Agar tidak terkesan menjadi korban politik, Kemenkominfo perlu untuk main lebih cantik dengan
mengemas ulang metode sosialisasinya dengan mempertimbangkan orientasi dan cara berpikir publik
menyikapi sebuah komunikasi massa yang dilakukan pemerintah. Tetapi, selain menjadi korban, bisa jadi
juga hal ini dilakukan secara sengaja sebagai ajang eksistensi dari Kemenkominfo. Menteri kan juga ingin
menampilkan kinerjanya di depan Presiden, mungkin dengan harapan agar dapat terpilih kembali ketika
petahana memenangkan Pilpres. Tetapi bisa juga, hal ini disengaja karena menganggap kesalahan
Kemenkominfo sebagai entry point bagi lawan politik kubu Jokowi untuk menciptakan polemik.

Memang, tembok politik antara pemerintahan dan politik itu sangat tipis. Karena sudah menjadi rahasia
umum bahwa petahana menggunakan fasilitas- fasilitas yang ada, menggunakan segala sumber daya
yang dimiliki untuk memenangkan kekuasaannya. Hal ini pun sudah berlangsung lama. Pada periode
kedua SBY pun, beliau menggunakan mekanisme BLT sebagai salah satu atribut kampanyenya. Nah,
batas tipis ini memang yang perlu untuk kembali dilihat. Sejauh tidak melanggar aturan, menurut saya
sah- sah saja. Tetapi ketika sudah melanggar aturan, maka perlu disikapi.

Jadi menurut saya, hal ini membutuhkan payung hukum yang jelas. Sejauh mana kepentingan-
kepentingan pemerintahan dan kepentingan kampanye bisa dipisahkan secara baik. Ini kan soal
management pemerintah, karena larangan untuk menggunakan fasilitas maupun kebijakan negara
untuk kampanye sudah diatur dalam perundang- undangan Pemilu.

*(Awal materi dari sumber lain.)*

(* Let $(X,S)$ be the periodic Tri-tris transformation semigroup on the $3\times 4$ board (width $3$, height $4$) with piece set $P=\{\mathrm{RS},\mathrm{LUS},\mathrm{RUS},\mathrm{V}\}$. There is a $5$-element set $Z\subseteq X$ of game states, containing the empty board $e$, and there are elements $g_1,g_2\in S$ such that $Z\cdot g_1=Z$ and $Z\cdot g_2=Z$. The restriction of $g_1$ to $Z$ is a $5$-cycle. The restriction of $g_2$ to $Z$ is a product of a disjoint $3$-cycle (containing $e$) and a transposition. Consequently, the permutations of $Z$ induced by elements of $S$ that map $Z$ onto itself form the full symmetric group $S_5$ on $Z$. In particular, this group contains the alternating group $A_5$, a finite simple nonabelian group.
   Context: Board: a grid of $n=3$ columns, indexed $0,1,2$, and $k=4$ rows. A game state is a subset of filled cells of this grid. Pieces are sets of connected cells. - $\mathrm{V}$ is the vertical straight triomino: three cells stacked in one column. - The other pieces are orientations of the L-shaped triomino, i.e. a $2\times 2$ square with one cell removed. - $\mathrm{RS}$ has two cells in its bottom row and one cell above the right one. - $\mathrm{LUS}$ has two cells in its top row and one cell below the left one. - $\mathrm{RUS}$ has two cells in its top row and one cell below the right one. - (The fourth orientation, $\mathrm{LS}$, has one cell above the left bottom cell; it is not used here.) Basic events: a basic event is a pair $\sigma=(p,\xi)$ with $p\in P$ and $\xi$ a column index such that the piece fits horizontally when its leftmost cells are placed in column $\xi$. The state $x\cdot\sigma$ is obtained as follows. 1. Drop $p$ vertically, without rotation or sliding, with its leftmost cells in column $\xi$, from above the board until it rests on the floor or on filled cells. 2. Repeatedly remove any completely filled row, moving all cells above it down one row. 3. If the piece cannot be placed entirely within the $k$ rows, the result is the game-over outcome. In the periodic variant, the game-over outcome is replaced by the empty board $e$, so $x\cdot\sigma=e$. $X$ is the set of states reachable from $e$ by finite sequences of basic events. $S$ is the transformation semigroup on $X$ generated by the basic events, with product $\sigma_1\sigma_2$ meaning apply $\sigma_1$ first and then $\sigma_2$. *)

theory Defs
  imports "HOL-Combinatorics.Permutations"
begin

text \<open>Tri-tris on a board with n columns (0..n-1) and k rows (0..k-1, row 0 is the
  bottom).  A cell is a pair (column, row); a game state is a set of filled cells.\<close>

type_synonym cell = "nat \<times> nat"
type_synonym state = "cell set"
lemma signed_Pow_sum_idem:
  fixes g :: "'a set \<Rightarrow> real"
  assumes "finite R"
  shows "(\<Sum>U1\<in>Pow R. \<Sum>U2\<in>Pow R. (-1)^(card U1 + card U2) * g (U1 \<union> U2))
         = (\<Sum>U\<in>Pow R. (-1)^card U * g U)"
  using assms
proof (induction R arbitrary: g rule: finite_induct)
  case empty
  then show ?case by simp
next
  case (insert x F)
  have card_ins: "\<And>U. U \<in> Pow F \<Longrightarrow> card (insert x U) = Suc (card U)"
    using insert by (meson PowD finite_subset card_insert_disjoint subsetD)
  define A where "A = (\<Sum>U1\<in>Pow F. \<Sum>U2\<in>Pow F. (-1::real)^(card U1 + card U2) * g (U1 \<union> U2))"
  define B where
    "B = (\<Sum>U1\<in>Pow F. \<Sum>U2\<in>Pow F. (-1::real)^(card U1 + card U2) * g (insert x (U1 \<union> U2)))"
  have IH_A: "A = (\<Sum>U\<in>Pow F. (-1)^card U * g U)" unfolding A_def by (rule insert.IH)
  have IH_B: "B = (\<Sum>U\<in>Pow F. (-1)^card U * g (insert x U))" unfolding B_def
    using insert.IH[of "\<lambda>U. g (insert x U)"] by simp
  text \<open>Placing x in neither, only one, or both of U1, U2 contributes A, -B, -B and +B
    respectively, in total A - B.\<close>
  have "(\<Sum>U1\<in>Pow (insert x F). \<Sum>U2\<in>Pow (insert x F).
            (-1::real)^(card U1 + card U2) * g (U1 \<union> U2))
     = (\<Sum>U1\<in>Pow F. (\<Sum>U2\<in>Pow F. (-1::real)^(card U1 + card U2) * g (U1 \<union> U2))
          - (\<Sum>U2\<in>Pow F. (-1::real)^(card U1 + card U2) * g (insert x (U1 \<union> U2))))
       + (\<Sum>U1\<in>Pow F. - (\<Sum>U2\<in>Pow F. (-1::real)^(card U1 + card U2) * g (insert x (U1 \<union> U2)))
          + (\<Sum>U2\<in>Pow F. (-1::real)^(card U1 + card U2) * g (insert x (U1 \<union> U2))))"
    using insert(1,2) by (simp add: sum_Pow_insert card_ins sum_negf sum_subtractf sum.distrib)
  also have "\<dots> = A - B" by (simp add: A_def B_def sum_subtractf)
  also have "\<dots> = (\<Sum>U\<in>Pow (insert x F). (-1)^card U * g U)"
    using insert(1,2) IH_A IH_B by (simp add: sum_Pow_insert card_ins sum_negf sum_subtractf)
  finally show ?case .
qed

section \<open>Quadratic forms\<close>

lemma sum_by_fibres:
  fixes c :: "'p \<Rightarrow> real" and \<kappa> :: "'p \<Rightarrow> 'k"
  assumes "finite P"
  shows "(\<Sum>p\<in>P. c p * \<phi> (\<kappa> p)) = (\<Sum>K\<in>\<kappa> ` P. (\<Sum>p\<in>{p\<in>P. \<kappa> p = K}. c p) * \<phi> K)"
proof -
  have "(\<Sum>p\<in>P. c p * \<phi> (\<kappa> p)) = (\<Sum>K\<in>\<kappa> ` P. \<Sum>p\<in>{p\<in>P. \<kappa> p = K}. c p * \<phi> (\<kappa> p))"
    using assms by (rule sum.image_gen)
  also have "\<dots> = (\<Sum>K\<in>\<kappa> ` P. (\<Sum>p\<in>{p\<in>P. \<kappa> p = K}. c p) * \<phi> K)"
    by (intro sum.cong refl) (simp add: sum_distrib_right)
  finally show ?thesis .
qed

lemma quadratic_form_pushforward:
  fixes c :: "'p \<Rightarrow> real" and \<kappa> :: "'p \<Rightarrow> 'k" and M :: "'k \<Rightarrow> 'k \<Rightarrow> real"
  assumes "finite P"
  defines "w \<equiv> \<lambda>K. \<Sum>p\<in>{p\<in>P. \<kappa> p = K}. c p"
  shows "(\<Sum>p\<in>P. \<Sum>q\<in>P. c p * M (\<kappa> p) (\<kappa> q) * c q) = (\<Sum>K\<in>\<kappa> ` P. \<Sum>L\<in>\<kappa> ` P. w K * M K L * w L)"
proof -
  have "(\<Sum>p\<in>P. \<Sum>q\<in>P. c p * M (\<kappa> p) (\<kappa> q) * c q) = (\<Sum>p\<in>P. c p * (\<Sum>q\<in>P. c q * M (\<kappa> p) (\<kappa> q)))"
    by (simp add: sum_distrib_left mult_ac)
  also have "\<dots> = (\<Sum>p\<in>P. c p * (\<Sum>L\<in>\<kappa> ` P. w L * M (\<kappa> p) L))"
    unfolding w_def using sum_by_fibres[OF assms(1), of c "M _" \<kappa>] by simp
  also have "\<dots> = (\<Sum>K\<in>\<kappa> ` P. w K * (\<Sum>L\<in>\<kappa> ` P. w L * M K L))"
    unfolding w_def using sum_by_fibres[OF assms(1), of c "\<lambda>K. \<Sum>L\<in>\<kappa> ` P. _ L * M K L" \<kappa>] by simp
  also have "\<dots> = (\<Sum>K\<in>\<kappa> ` P. \<Sum>L\<in>\<kappa> ` P. w K * M K L * w L)"
    by (simp add: sum_distrib_left mult_ac)
  finally show ?thesis .
qed

lemma quadratic_form_zero_padding:
  fixes u :: "'a \<Rightarrow> real"
  assumes "finite B" "A \<subseteq> B" "\<And>x. x \<in> B - A \<Longrightarrow> u x = 0"
  shows "(\<Sum>K\<in>A. \<Sum>L\<in>A. u K * M K L * u L) = (\<Sum>K\<in>B. \<Sum>L\<in>B. u K * M K L * u L)"
proof -
  have "(\<Sum>K\<in>A. \<Sum>L\<in>A. u K * M K L * u L) = (\<Sum>K\<in>A. \<Sum>L\<in>B. u K * M K L * u L)"
    using assms by (intro sum.cong refl sum.mono_neutral_left) auto
  also have "\<dots> = (\<Sum>K\<in>B. \<Sum>L\<in>B. u K * M K L * u L)"
    using assms by (intro sum.mono_neutral_left) auto
  finally show ?thesis .
qed

section \<open>An abstract positivity criterion for signed sums of moment vectors\<close>

lemma signed_sum_moment_form:
  fixes H z v :: "nat set \<Rightarrow> real"
  assumes "finite R"
    and z: "\<And>I. z I = (\<Sum>U\<in>Pow R. (-1)^card U * H (I \<union> X \<union> U))"
    and c: "\<And>A U. c (A, U) = v A * (-1)^card U"
    and \<kappa>: "\<And>A U. \<kappa> (A, U) = A \<union> X \<union> U"
  shows "(\<Sum>A\<in>T. \<Sum>B\<in>T. v A * moment z A B * v B)
       = (\<Sum>p\<in>T \<times> Pow R. \<Sum>q\<in>T \<times> Pow R. c p * H (\<kappa> p \<union> \<kappa> q) * c q)"
proof -
  have z_union: "z (A \<union> B) = (\<Sum>U1\<in>Pow R. \<Sum>U2\<in>Pow R. (-1)^card U1 * (-1)^card U2 *
        H ((A \<union> X \<union> U1) \<union> (B \<union> X \<union> U2)))" for A B
  proof -
    have "z (A \<union> B)
        = (\<Sum>U1\<in>Pow R. \<Sum>U2\<in>Pow R. (-1)^(card U1 + card U2) * H (A \<union> B \<union> X \<union> (U1 \<union> U2)))"
      using z signed_Pow_sum_idem[OF assms(1), of "\<lambda>U. H (A \<union> B \<union> X \<union> U)"] by simp
    then show ?thesis by (simp add: power_add Un_ac)
  qed
  have "(\<Sum>A\<in>T. \<Sum>B\<in>T. v A * moment z A B * v B)
      = (\<Sum>A\<in>T. \<Sum>U1\<in>Pow R. \<Sum>B\<in>T. \<Sum>U2\<in>Pow R. c (A,U1) * H (\<kappa> (A,U1) \<union> \<kappa> (B,U2)) * c (B,U2))"
    unfolding moment_def z_union c \<kappa>
    by (subst sum.swap) (simp add: sum_distrib_left sum_distrib_right mult_ac)
  also have "\<dots> = (\<Sum>p\<in>T \<times> Pow R. \<Sum>q\<in>T \<times> Pow R. c p * H (\<kappa> p \<union> \<kappa> q) * c q)"
    by (simp only: sum.cartesian_product')
  finally show ?thesis .
qed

Tetapi, praktik di lapangan seringkali tidak semudah yang terterah di tataran normatif. Sehingga ketika
kebijakan tersebut diimpelentasi, perlu dibuatkan suatu blueprint atau pedoman yang tegas dan jelas
sehingga prasangka dan asumsi politik itu bisa diminimalisir. Dalam hal ini, Bawaslu seharusnya
mengawal sejak awal, bukan sekedar melalui pendekatan kuratif saja, tetapi juga preventif. Sehingga
kasus- kasus itu tidak terulang kembali. Untuk itu, dengan kasus ini, Bawasu perlu untuk kembali
mengevaluasi diri sehingga dapat menghasilkan pekerjaan pengawasan yang lebih terukur dan terarah,
sekaligus menyelesaikan persoalan- persoalan di lapangan agar tidak menjadi bola liar di tengah publik.
Karena kasus di lapangan itu kan terkadang bergelindam dengan kasus yang lain, sehingga menjadi virus
dan mewabah kemana mana. Untuk itu, Bawaslu perlu untuk melakukan pemutusan mata rantai itu.